A nuclear power station is built around a tiny little reaction reaction that happens as atoms are split apart. This tiny process is contained in several protective layers that are built to protect the outside environment from radiation emitted from the process and the breakdown. When the earthquake hit Japan last week, these protective measures were compromised, prompting evacuations and helicopter water dumps. We’ve put together a list of links to help you understand what’s going at Tokyo Electric Power’s Fukushima Daiichi nuclear plant and what experts are saying about the threat.

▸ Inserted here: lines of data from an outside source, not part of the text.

lemma n2_weight_disj:
  assumes "finite {r. W r \<noteq> 0}" and "\<And>r. \<not> (P r \<and> Q r)"
  shows "n2_weight W (\<lambda>r. P r \<or> Q r) = n2_weight W P + n2_weight W Q"
proof -
  have "{r. W r \<noteq> 0 \<and> (P r \<or> Q r)} = {r. W r \<noteq> 0 \<and> P r} \<union> {r. W r \<noteq> 0 \<and> Q r}"
    by auto
  then show ?thesis
    unfolding n2_weight_def using assms by (simp add: sum.union_disjoint finite_subset disjoint_iff)
qed

definition krel_of_list :: "(('a \<rightharpoonup> 'v) \<times> 'k) list \<Rightarrow> ('a \<rightharpoonup> 'v) \<Rightarrow> 'k::comm_monoid_add" where
  "krel_of_list L r = sum_list (map snd (filter (\<lambda>p. fst p = r) L))"

lemma krel_of_list_nonzero: "krel_of_list L r \<noteq> 0 \<Longrightarrow> r \<in> fst ` set L"
  unfolding krel_of_list_def by (induction L) (auto split: if_splits)

lemma is_krel_krel_of_list:
  assumes "\<forall>p\<in>set L. is_tuple Dom X (fst p)"
  shows "is_krel Dom X (krel_of_list L)"
  unfolding is_krel_def
proof
  show "finite {r. krel_of_list L r \<noteq> 0}"
    by (rule finite_subset[of _ "fst ` set L"]) (auto dest: krel_of_list_nonzero)
  show "\<forall>r. krel_of_list L r \<noteq> 0 \<longrightarrow> is_tuple Dom X r"
    using assms krel_of_list_nonzero by fastforce
qed

lemma sum_list_filter_eq_sum_keys:
  fixes L :: "('a \<times> 'k::comm_monoid_add) list"
  shows "sum_list (map snd (filter (\<lambda>p. P (fst p)) L))
    = (\<Sum>r | r \<in> fst ` set L \<and> P r. sum_list (map snd (filter (\<lambda>p. fst p = r) L)))"
proof (induction L)
  case (Cons p L)
  let ?g = "\<lambda>L r. sum_list (map snd (filter (\<lambda>q. fst q = r) L))"
  let ?S = "{r. r \<in> fst ` set L \<and> P r}" and ?S' = "{r. r \<in> fst ` set (p # L) \<and> P r}"
  have no_entries: "?g L r = 0" if "r \<notin> fst ` set L" for r
  proof -
    have "filter (\<lambda>q. fst q = r) L = []"
      using that by (auto simp: filter_empty_conv)
    then show ?thesis
      by simp
  qed
  have "(\<Sum>r\<in>?S'. ?g (p # L) r) = (\<Sum>r\<in>?S'. (if fst p = r then snd p else 0) + ?g L r)"
    by (rule sum.cong) simp_all
  also have "\<dots> = (if P (fst p) then snd p else 0) + (\<Sum>r\<in>?S'. ?g L r)"
    by (simp add: sum.distrib sum.delta)
  also have "(\<Sum>r\<in>?S'. ?g L r) = (\<Sum>r\<in>?S. ?g L r)"
    using no_entries by (intro sum.mono_neutral_right) auto
  finally show ?case
    using Cons.IH by simp
qed simp
definition leibniz_det :: "'a set \<Rightarrow> ('a \<Rightarrow> 'a \<Rightarrow> 'b::comm_ring_1) \<Rightarrow> 'b" where
  "leibniz_det U f = (\<Sum>p | p permutes U. leibniz_term U f p)"

definition clan_on :: "'a set \<Rightarrow> ('a \<Rightarrow> 'a \<Rightarrow> 'b) \<Rightarrow> 'a set \<Rightarrow> bool" where
  "clan_on U f X \<longleftrightarrow> X \<subseteq> U \<and>
     (\<forall>i\<in>X. \<forall>j\<in>X. \<forall>k\<in>U - X. f i k = f j k \<and> f k i = f k j)"

lemma clan_onD:
  assumes "clan_on U f X" and "i \<in> X" "j \<in> X" "k \<in> U - X"
  shows "f i k = f j k" and "f k i = f k j"
  using assms unfolding clan_on_def by blast+

definition transpose_on :: "'a set \<Rightarrow> ('a \<Rightarrow> 'a \<Rightarrow> 'b) \<Rightarrow> 'a \<Rightarrow> 'a \<Rightarrow> 'b" where
  "transpose_on X f i j = (if i \<in> X \<and> j \<in> X then f j i else f i j)"

definition exits :: "'a set \<Rightarrow> ('a \<Rightarrow> 'a) \<Rightarrow> 'a set" where
  "exits X p = {x \<in> X. p x \<notin> X}"

definition entries :: "'a set \<Rightarrow> ('a \<Rightarrow> 'a) \<Rightarrow> 'a set" where
  "entries X p = {y. y \<notin> X \<and> p y \<in> X}"

definition inv_within :: "'a set \<Rightarrow> ('a \<Rightarrow> 'a) \<Rightarrow> 'a \<Rightarrow> 'a" where
  "inv_within X u x = (if x \<in> X then Hilbert_Choice.inv u x else u x)"

lemma prod_permutes_cong:
  assumes "\<sigma> permutes U" and "\<And>j. j \<in> U \<Longrightarrow> g (\<sigma> j) = h j"
  shows "prod g U = prod h U"
  using prod.permute[OF assms(1), of g] assms(2) by simp

lemma exits_nonempty_imp_entries_nonempty:
  assumes p: "surj p" and fin: "finite X" and ex: "exits X p \<noteq> {}"
  shows "entries X p \<noteq> {}"
proof
  assume no_entry: "entries X p = {}"
  have "X \<subseteq> p ` (X - exits X p)"
  proof
    fix x assume x: "x \<in> X"
    obtain y where y: "x = p y" using surjD[OF p] by blast
    then have "y \<in> X" using no_entry x by (auto simp: entries_def)
    then show "x \<in> p ` (X - exits X p)" using x y by (auto simp: exits_def)
  qed
  then have "card X \<le> card (X - exits X p)"
    using fin by (meson card_image_le card_mono finite_Diff finite_imageI order_trans)
  moreover have "card (X - exits X p) < card X"
    using fin ex by (intro psubset_card_mono) (auto simp: exits_def)
  ultimately show False by simp
qed

context
  fixes U X :: "'a set"
  assumes finite_U: "finite U" and X_subset_U: "X \<subseteq> U"
begin

lemma finite_X: "finite X"
  using finite_subset[OF X_subset_U finite_U] .

lemma leibniz_term_swap_exits:
  assumes rows: "\<And>i j k. i \<in> X \<Longrightarrow> j \<in> X \<Longrightarrow> k \<in> U - X \<Longrightarrow> f i k = f j k"
    and p: "p permutes U" and ab: "a \<in> exits X p" "b \<in> exits X p" "a \<noteq> b"
  shows "leibniz_term U f (p \<circ> transpose a b) = - leibniz_term U f p"
proof -
  have "(\<Prod>i\<in>U. f i ((p \<circ> transpose a b) i)) = (\<Prod>j\<in>U. f j (p j))"
  proof (rule prod_permutes_cong)
    show "transpose a b permutes U" using ab X_subset_U by (intro permutes_swap_id) (auto simp: exits_def)
    fix j assume "j \<in> U"
    moreover have "p j \<in> U" using permutes_in_image[OF p] \<open>j \<in> U\<close> by simp
    ultimately show "f (transpose a b j) ((p \<circ> transpose a b) (transpose a b j)) = f j (p j)"
      using rows ab by (auto simp: exits_def transpose_def)
  qed
  moreover have "sign (p \<circ> transpose a b) = - sign p"
    using ab permutes_imp_permutation[OF finite_U p]
    by (simp add: sign_compose permutation_swap_id sign_swap_id)
  ultimately show ?thesis by (simp add: leibniz_term_def)
qed
(* Let $|\psi\rangle$ be a state in a tensor-product Hilbert space $\mathcal H=\bigotimes_v\mathcal H_v$ of finite-dimensional factors. Let $U=\prod_vU_v$ be an on-site unitary, with each $U_v$ a unitary on $\mathcal H_v$. Let $A_1,\dots,A_n$ be regions and $t_1,\dots,t_n\in\mathbb R$. Then $U$ can be moved to any position in the sequence of instantaneous modular flows: for every $i\in\{1,\dots,n+1\}$, $$U\,\mathcal I_{A_n}(t_n)\cdots\mathcal I_{A_1}(t_1)|\psi\rangle=\mathcal I_{A_n}(t_n)\cdots\mathcal I_{A_i}(t_i)\,U\,\mathcal I_{A_{i-1}}(t_{i-1})\cdots\mathcal I_{A_1}(t_1)|\psi\rangle.$$ In particular, $U\,\mathcal I_{A_n}(t_n)\cdots\mathcal I_{A_1}(t_1)|\psi\rangle=\mathcal I_{A_n}(t_n)\cdots\mathcal I_{A_1}(t_1)\,U|\psi\rangle$.
   Context: A region $X$ is a set of sites, and $\overline X$ is its complement. For a state $|\phi\rangle$, $\rho_X=\mathrm{Tr}_{\overline X}|\phi\rangle\langle\phi|$, and $\rho_X^{{\bf i}t}$ is defined spectrally on the support of $\rho_X$, with $0^{{\bf i}t}:=0$. Instantaneous modular flow: $\mathcal I_X(t)|\phi\rangle:=\rho_X^{{\bf i}t}|\phi\rangle$, where $\rho_X$ is taken from the current state $|\phi\rangle$ on which the map acts. In a product of such maps and unitaries, applied right to left, each $\mathcal I_X(t)$ uses the reduced density matrix of the state produced by everything to its right. The maps are nonlinear. *)

theory Defs
  imports "HOL-Analysis.Analysis"
begin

First, an overview. See the Washington Post’s explainer, Japan’s nuclear emergency, for excellent graphics and explanation of what’s being compromised in the reactors and what could happen.
Tech magazine IEEE Spectrum has a detailed explanation of how Japan’s nuclear plant was built and what went wrong, including a detailed timeline of events. World Nuclear News covers the engineering challenges workers faced post-earthquake and through this crisis.
Learn about the containment mechanisms and the impacts of containment failure at Union of Concerned Scientists.
The health risks of radiation poisoning can be fatal at high levels. The Health Physics Society is tracking news and reports regarding health impacts on their Facebook page.
Computer models show that radiation can hit the US, and the EPA is closely monitoring radiation levels in the US. The New York Times has been tracking radiation levels in Japan.
We will update this post as more resources become available.